The high dam proposed for the San Juan River ultimately became part of the Bureau of Reclamation's Colorado River Storage Project. Navajo Dam was authorized by Congress in the Colorado River Storage Project Act of April 11, 1956, which also authorized Glen Canyon Dam and numerous irrigation and power projects along the Green River, Gunnison River and other tributaries. The initial authorization for Navajo Dam did not include the Navajo irrigation project, which was authorized much later, in June 1962, along with the San Juan-Chama diversion project.

Preparatory work at the Navajo Dam site started on October 8, 1956 with archaeological excavations of Native American sites along the canyons and bottom lands of the San Juan River; however, these investigations were limited in scope and only preserved a handful of artifacts from the area. A number of sites sacred to the Navajo people would later be flooded with the filling of the lake. Other features to be demolished or relocated included the towns of Rosa and Los Arboles, several cemeteries along the Los Pinos River, and sections of the Denver and Rio Grande Western Railroad. The primary construction contract for the dam was awarded to Morrison–Knudsen, Henry J. Kaiser Company, and F&S Contracting Company on June 25, 1958 and work began a month later on July 30.

The first facilities to be constructed were the water works allowing for diversion of the San Juan River. The main diversion tunnel was completed on January 27, 1959 and the auxiliary tunnel on April 27, 1959. Concrete lining was complete in October and the river was diverted on January 4, 1960 allowing the start of construction on the embankment dam. More than 26000000 yd3 of material had to be placed to form the main embankment with a record of 1019000 yd3 placed during August 1960 alone. As the dam continued to rise, clearing operations in the reservoir basin began on June 30, 1961 and took about a year to complete. The concrete spillway, located to the west of the dam, was finished on September 15, 1961.
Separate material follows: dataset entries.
(* Suppose $0<p<1$ and $q>0$. Let $(S,I)$ be an endemic equilibrium and $\kappa=d_SS+d_II$ (a positive constant). Then $\frac{\kappa}{d_S}\ge N_*$, where $N_*$ is the unique positive solution of $$\frac{N}{|\Omega|}=N_*+\Big(\frac\beta\gamma\Big)_{\max}^{\frac1{1-p}}N_*^{\frac{q}{1-p}}.$$ Furthermore, if $d_S\ge d_I$, then $\frac{\kappa}{d_S}\le\frac{N}{|\Omega|}$.
   Context: Let $\Omega\subset\mathbb R^n$ be a bounded domain with smooth boundary, $\nu$ the outward unit normal on $\partial\Omega$, and $|\Omega|$ its Lebesgue measure. Let $\beta,\gamma$ be positive Hölder continuous functions on $\bar\Omega$, $N>0$, $q>0$, $0<p<1$, and $d_S,d_I>0$. Consider the system $$d_S\Delta S-\beta S^qI^p+\gamma I=0,\quad d_I\Delta I+\beta S^qI^p-\gamma I=0\ \text{ in }\Omega,\qquad \partial_\nu S=\partial_\nu I=0\ \text{ on }\partial\Omega,\qquad \int_\Omega(S+I)=N.$$ An endemic equilibrium is a nonnegative classical solution $(S,I)$ with $I\not\equiv0$. For continuous $f$ on $\bar\Omega$, $f_{\max}=\max_{\bar\Omega}f$. *)

theory Defs
  imports "HOL-Analysis.Analysis"
begin

fun dirderiv :: "'a::euclidean_space list \<Rightarrow> ('a \<Rightarrow> real) \<Rightarrow> 'a \<Rightarrow> real" where
  "dirderiv [] f = f"
| "dirderiv (b # bs) f = (\<lambda>x. frechet_derivative (dirderiv bs f) (at x) b)"

definition smooth_on :: "'a::euclidean_space set \<Rightarrow> ('a \<Rightarrow> real) \<Rightarrow> bool" where
  "smooth_on U f \<longleftrightarrow>
     (\<forall>bs. set bs \<subseteq> Basis \<longrightarrow> (\<forall>x\<in>U. dirderiv bs f differentiable (at x)))"

definition grad :: "('a::euclidean_space \<Rightarrow> real) \<Rightarrow> 'a \<Rightarrow> 'a" where
  "grad f x = (\<Sum>b\<in>Basis. frechet_derivative f (at x) b *\<^sub>R b)"

definition local_defining_fun :: "'a::euclidean_space set \<Rightarrow> 'a \<Rightarrow> 'a set \<Rightarrow> ('a \<Rightarrow> real) \<Rightarrow> bool" where
  "local_defining_fun \<Omega> x U \<phi> \<longleftrightarrow>
     open U \<and> x \<in> U \<and> smooth_on U \<phi> \<and> (\<forall>y\<in>U. grad \<phi> y \<noteq> 0) \<and>
     \<Omega> \<inter> U = {y\<in>U. \<phi> y < 0}"

definition smooth_boundary :: "'a::euclidean_space set \<Rightarrow> bool" where
  "smooth_boundary \<Omega> \<longleftrightarrow> (\<forall>x\<in>frontier \<Omega>. \<exists>U \<phi>. local_defining_fun \<Omega> x U \<phi>)"

definition smooth_bounded_domain :: "'a::euclidean_space set \<Rightarrow> bool" where
  "smooth_bounded_domain \<Omega> \<longleftrightarrow>
     open \<Omega> \<and> connected \<Omega> \<and> \<Omega> \<noteq> {} \<and> bounded \<Omega> \<and> smooth_boundary \<Omega>"

definition outward_normal :: "'a::euclidean_space set \<Rightarrow> 'a \<Rightarrow> 'a" where
  "outward_normal \<Omega> x =
     (SOME n. \<exists>U \<phi>. local_defining_fun \<Omega> x U \<phi> \<and> n = grad \<phi> x /\<^sub>R norm (grad \<phi> x))"

definition holder_continuous_on :: "'a::euclidean_space set \<Rightarrow> ('a \<Rightarrow> real) \<Rightarrow> bool" where
  "holder_continuous_on A f \<longleftrightarrow>
     (\<exists>\<alpha> C. 0 < \<alpha> \<and> \<alpha> \<le> 1 \<and> (\<forall>x\<in>A. \<forall>y\<in>A. \<bar>f x - f y\<bar> \<le> C * dist x y powr \<alpha>))"

definition C2_on :: "'a::euclidean_space set \<Rightarrow> ('a \<Rightarrow> real) \<Rightarrow> bool" where
  "C2_on \<Omega> u \<longleftrightarrow>
     (\<forall>x\<in>\<Omega>. u differentiable (at x)) \<and>
     (\<forall>b\<in>Basis. \<forall>x\<in>\<Omega>. dirderiv [b] u differentiable (at x)) \<and>
     (\<forall>b\<in>Basis. \<forall>c\<in>Basis. continuous_on \<Omega> (dirderiv [c, b] u))"

definition C1_closure :: "'a::euclidean_space set \<Rightarrow> ('a \<Rightarrow> real) \<Rightarrow> bool" where
  "C1_closure \<Omega> u \<longleftrightarrow>
     (\<forall>x\<in>closure \<Omega>. u differentiable (at x within closure \<Omega>)) \<and>
     (\<forall>b\<in>Basis. continuous_on (closure \<Omega>)
        (\<lambda>x. frechet_derivative u (at x within closure \<Omega>) b))"

definition laplacian :: "('a::euclidean_space \<Rightarrow> real) \<Rightarrow> 'a \<Rightarrow> real" where
  "laplacian u x = (\<Sum>b\<in>Basis. dirderiv [b, b] u x)"

definition normal_deriv :: "'a::euclidean_space set \<Rightarrow> ('a \<Rightarrow> real) \<Rightarrow> 'a \<Rightarrow> real" where
  "normal_deriv \<Omega> u x = frechet_derivative u (at x within closure \<Omega>) (outward_normal \<Omega> x)"

definition fmax :: "'a::euclidean_space set \<Rightarrow> ('a \<Rightarrow> real) \<Rightarrow> real" where
  "fmax \<Omega> f = Sup (f ` closure \<Omega>)"

definition endemic_equilibrium ::
  "'a::euclidean_space set \<Rightarrow> real \<Rightarrow> real \<Rightarrow> real \<Rightarrow> real \<Rightarrow> real \<Rightarrow>
   ('a \<Rightarrow> real) \<Rightarrow> ('a \<Rightarrow> real) \<Rightarrow> ('a \<Rightarrow> real) \<Rightarrow> ('a \<Rightarrow> real) \<Rightarrow> bool" where
  "endemic_equilibrium \<Omega> dS dI N p q \<beta> \<gamma> S I \<longleftrightarrow>
     C2_on \<Omega> S \<and> C2_on \<Omega> I \<and> C1_closure \<Omega> S \<and> C1_closure \<Omega> I \<and>
     (\<forall>x\<in>closure \<Omega>. 0 \<le> S x \<and> 0 \<le> I x) \<and>
     (\<forall>x\<in>\<Omega>. dS * laplacian S x - \<beta> x * S x powr q * I x powr p + \<gamma> x * I x = 0) \<and>
     (\<forall>x\<in>\<Omega>. dI * laplacian I x + \<beta> x * S x powr q * I x powr p - \<gamma> x * I x = 0) \<and>
     (\<forall>x\<in>frontier \<Omega>. normal_deriv \<Omega> S x = 0 \<and> normal_deriv \<Omega> I x = 0) \<and>
     ((\<lambda>x. S x + I x) has_integral N) \<Omega> \<and>
     (\<exists>x\<in>closure \<Omega>. I x \<noteq> 0)"

end

(* Adding the two equations shows that w = d_S S + d_I I is harmonic in Omega with zero Neumann
   data. An interior maximum of w spreads over the connected domain (strong maximum principle), and
   a boundary maximum would have positive outward derivative (Hopf lemma), so w is a constant kappa.
   Hence S <= kappa/d_S. At a maximum point of I the reaction term beta S^q I^p - gamma I cannot be
   negative, for otherwise I would be strictly subharmonic near that point; this bounds
   I <= (beta/gamma)_max^(1/(1-p)) (kappa/d_S)^(q/(1-p)). Integrating S + I over Omega gives
   N/|Omega| <= kappa/d_S + (beta/gamma)_max^(1/(1-p)) (kappa/d_S)^(q/(1-p)), and as
   t + c t^(q/(1-p)) is increasing, kappa/d_S >= N_*. If d_S >= d_I then S + I >= kappa/d_S,
   and integrating gives kappa/d_S <= N/|Omega|.

   The maximum principles are proved from scratch: the Hopf lemma on a ball by comparison with the
   barrier exp(-alpha |x - z|^2), and the interior sphere condition at the boundary from a local
   defining function, whose gradient is locally Lipschitz. *)

theory Submission
  imports Defs
begin

section \<open>Second derivatives at interior maxima\<close>

definition twice_differentiable_on :: "'a::euclidean_space set \<Rightarrow> ('a \<Rightarrow> real) \<Rightarrow> bool" where
  "twice_differentiable_on G u \<longleftrightarrow>
     (\<forall>x\<in>G. u differentiable (at x)) \<and> (\<forall>b\<in>Basis. \<forall>x\<in>G. dirderiv [b] u differentiable (at x))"

lemma twice_differentiable_on_subset:
  "twice_differentiable_on G u \<Longrightarrow> H \<subseteq> G \<Longrightarrow> twice_differentiable_on H u"
  unfolding twice_differentiable_on_def by blast

lemma C2_on_imp_twice_differentiable_on: "C2_on G u \<Longrightarrow> twice_differentiable_on G u"
  unfolding twice_differentiable_on_def C2_on_def by blast

lemma frechet_derivative_lincomb:
  fixes u v :: "'a::euclidean_space \<Rightarrow> real"
  assumes "u differentiable (at x)" "v differentiable (at x)"
  shows "frechet_derivative (\<lambda>y. a * u y + c * v y) (at x) =
     (\<lambda>h. a * frechet_derivative u (at x) h + c * frechet_derivative v (at x) h)"
proof -
  have "((\<lambda>y. a * u y + c * v y) has_derivative
     (\<lambda>h. a * frechet_derivative u (at x) h + c * frechet_derivative v (at x) h)) (at x)"
    using assms unfolding frechet_derivative_works by (auto intro!: derivative_eq_intros)
  then show ?thesis by (rule frechet_derivative_at[symmetric])
qed

lemma has_derivative_dirderiv_lincomb:
  fixes u v :: "'a::euclidean_space \<Rightarrow> real"
  assumes G: "open G" "x \<in> G" and b: "b \<in> Basis"
    and u: "twice_differentiable_on G u" and v: "twice_differentiable_on G v"
  shows "(dirderiv [b] (\<lambda>y. a * u y + c * v y) has_derivative
      (\<lambda>h. a * frechet_derivative (dirderiv [b] u) (at x) h
         + c * frechet_derivative (dirderiv [b] v) (at x) h)) (at x)"
proof -
  have eq: "dirderiv [b] (\<lambda>y. a * u y + c * v y) y = a * dirderiv [b] u y + c * dirderiv [b] v y"
    if "y \<in> G" for y
    using frechet_derivative_lincomb[of u y v a c] u v that
    unfolding twice_differentiable_on_def by simp
  have "((\<lambda>y. a * dirderiv [b] u y + c * dirderiv [b] v y) has_derivative
      (\<lambda>h. a * frechet_derivative (dirderiv [b] u) (at x) h
         + c * frechet_derivative (dirderiv [b] v) (at x) h)) (at x)"
    using u v G b unfolding twice_differentiable_on_def frechet_derivative_works
    by (auto intro!: derivative_eq_intros)
  then show ?thesis
    by (rule has_derivative_transform_within_open[OF _ G]) (metis eq)
qed

lemma twice_differentiable_on_lincomb:
  fixes u v :: "'a::euclidean_space \<Rightarrow> real"
  assumes G: "open G" and u: "twice_differentiable_on G u" and v: "twice_differentiable_on G v"
  shows "twice_differentiable_on G (\<lambda>y. a * u y + c * v y)"
  unfolding twice_differentiable_on_def
proof safe
  fix x assume "x \<in> G"
  then show "(\<lambda>y. a * u y + c * v y) differentiable (at x)"
    using u v unfolding twice_differentiable_on_def by (auto intro!: derivative_intros)
next
  fix b :: 'a and x assume "b \<in> Basis" "x \<in> G"
  then show "dirderiv [b] (\<lambda>y. a * u y + c * v y) differentiable (at x)"
    using has_derivative_dirderiv_lincomb[OF G _ _ u v] unfolding differentiable_def by blast
qed

lemma laplacian_lincomb:
  fixes u v :: "'a::euclidean_space \<Rightarrow> real"
  assumes G: "open G" "x \<in> G"
    and u: "twice_differentiable_on G u" and v: "twice_differentiable_on G v"
  shows "laplacian (\<lambda>y. a * u y + c * v y) x = a * laplacian u x + c * laplacian v x"
proof -
  have "dirderiv [b, b] (\<lambda>y. a * u y + c * v y) x = a * dirderiv [b, b] u x + c * dirderiv [b, b] v x"
    if "b \<in> Basis" for b
    using frechet_derivative_at[OF has_derivative_dirderiv_lincomb[OF G that u v], symmetric]
    by simp
  then show ?thesis
    unfolding laplacian_def by (simp add: sum.distrib sum_distrib_left)
qed

lemma has_real_derivative_along_line:
  fixes f :: "'a::real_normed_vector \<Rightarrow> real"
  assumes "(f has_derivative f') (at (y + t *\<^sub>R b))"
  shows "((\<lambda>s. f (y + s *\<^sub>R b)) has_real_derivative f' b) (at t)"
proof -
  have "((\<lambda>s. y + s *\<^sub>R b) has_derivative (\<lambda>s. s *\<^sub>R b)) (at t)"
    by (auto intro!: derivative_eq_intros)
  from diff_chain_at[OF this assms]
  have "((\<lambda>s. f (y + s *\<^sub>R b)) has_derivative (\<lambda>s. f' (s *\<^sub>R b))) (at t)"
    by (simp add: o_def)
  moreover have "(\<lambda>s. f' (s *\<^sub>R b)) = (\<lambda>s. f' b * s)"
    using linear_scale[OF has_derivative_linear[OF assms]] by (auto simp: fun_eq_iff)
  ultimately show ?thesis
    unfolding has_field_derivative_def by simp
qed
On June 27, 1962 the diversion tunnel was blocked, and water was stored in Navajo Lake for the first time. Navajo Lake was the first reservoir of the Colorado River Storage Project to begin filling; the next, Flaming Gorge, would not start filling until November. The main embankment was topped out shortly thereafter on August 22, 1962; however, work on other features of the project, including riprap placement and final concrete work, continued. The dam was dedicated on September 15, 1962 by Secretary of the Interior Stewart Udall, but was not formally completed until April 20, 1963. The total cost of the Navajo Dam project was about $35 million ($ in dollars).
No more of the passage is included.